O prazo de 180 dias entre a incorporação do medicamento e a chegada do produto para quem precisa foi definido no artigo 25 do Decreto Presidencial 7.646, de 21 de dezembro de 2011. Naquele mesmo ano, foi criada a Comissão Nacional de Incorporação de Tecnologias no SUS (Conitec), órgão responsável por dar recomendações técnicas ao Ministério da Saúde sobre a inclusão de novos medicamentos, exames e outros procedimentos no sistema público de saúde.

Diferentes pesquisas e levantamentos mostram, porém, que o desrespeito à regra ocorre na maioria dos processos e que o prazo entre a inclusão e oferta de uma nova tecnologia no SUS pode chegar a 1 314 dias – um atraso de três anos em relação ao estipulado em lei.

Em um relatório de avaliação sobre o processo de incorporação de tecnologias em saúde publicado em 2021, a Controladoria-Geral da União (CGU) estudou o caso de 25 medicamentos e constatou que nenhum foi disponibilizado no prazo previsto no decreto de 2011. A média de prazo entre a decisão de inclusão no SUS e a oferta na rede pública para esse conjunto de drogas foi de 624 dias.

Estudo publicado em maio de 2022 no periódico científico Ciência & Saúde Coletiva teve achados semelhantes. No trabalho, liderado pela pesquisadora Helaine Capucho, da Universidade de Brasília (UnB), foram avaliados os processos de incorporação de 46 medicamentos. A média de prazo entre a inclusão e a oferta no SUS foi de 762 dias (pouco mais de dois anos) para medicamentos oncológicos e 372 dias (cerca de um ano) para os demais.

Os exemplos foram listados em representação encaminhada ao Ministério Público Federal (MPF) em maio de 2022, pedindo a abertura de um inquérito civil para a apuração das irregularidades.

No documento, o advogado Paulo Benevento, especialista em advocacy e consultor jurídico da AME e da CDD, argumenta que “a Administração Pública Federal vem descumprindo o prazo estabelecido pelo próprio chefe do Poder Executivo, de modo sistemático e reiterado, a ponto de comprometer a política de assistência farmacêutica e acirrar a judicialização da saúde, tudo em detrimento dos legítimos interesses de pacientes, que dependem dos medicamentos”.

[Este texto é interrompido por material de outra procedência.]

(* Let $\psi,\psi_1,\psi_2,\dots$ be Archimedean generators with pseudo-inverses $\varphi,\varphi_1,\varphi_2,\dots$. Then $(\varphi_n)$ converges pointwise to $\varphi$ on $(0,1]$ if and only if $(\psi_n)$ converges uniformly to $\psi$ on $[0,\infty)$.
   Context: An Archimedean generator is a continuous non-increasing $\psi:[0,\infty)\to[0,1]$ with $\psi(0)=1$, $\lim_{z\to\infty}\psi(z)=0$, strictly decreasing on $[0,\inf\{z\in[0,\infty]:\psi(z)=0\}]$ (with $\inf\emptyset=\infty$), normalized so that $\psi(1)=1/2$. Its pseudo-inverse is $\varphi:[0,1]\to[0,\infty]$, $\varphi(y)=\inf\{z\in[0,\infty]:\psi(z)=y\}$. *)

theory Defs
  imports "HOL-Analysis.Analysis"
begin

text \<open>Generators are modelled as functions real => real; only their values on [0,oo) matter.
  The point oo of [0,oo] is handled with extended reals, with psi(oo) = lim psi = 0.\<close>

definition zero_point :: "(real \<Rightarrow> real) \<Rightarrow> ereal" where
  "zero_point \<psi> = Inf ({ereal z | z. 0 \<le> z \<and> \<psi> z = 0} \<union> {\<infinity>})"

definition archimedean_generator :: "(real \<Rightarrow> real) \<Rightarrow> bool" where
  "archimedean_generator \<psi> \<longleftrightarrow>
     continuous_on {0..} \<psi> \<and>
     (\<forall>z\<ge>0. 0 \<le> \<psi> z \<and> \<psi> z \<le> 1) \<and>
     (\<forall>x y. 0 \<le> x \<longrightarrow> x \<le> y \<longrightarrow> \<psi> y \<le> \<psi> x) \<and>
     \<psi> 0 = 1 \<and>
     (\<psi> \<longlongrightarrow> 0) at_top \<and>
     (\<forall>x y. 0 \<le> x \<longrightarrow> x < y \<longrightarrow> ereal y \<le> zero_point \<psi> \<longrightarrow> \<psi> y < \<psi> x) \<and>
     \<psi> 1 = 1/2"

Atrasos recorrentes também foram encontrados pelas ONGs Amigos Múltiplos pela Esclerose (AME) e Crônicos do Dia a Dia (CDD). Como parte do movimento A Regra É Clara (AREC), elas conduziram uma análise de oito medicamentos incorporados no SUS entre 2020 e 2021 para tratar diferentes doenças, como esclerose múltipla, artrite reumatoide e mucopolissacaridose, mas que ainda não chegaram aos hospitais ou farmácias de alto custo. No pior caso mapeado pelas entidades, o atraso chega a 463 dias.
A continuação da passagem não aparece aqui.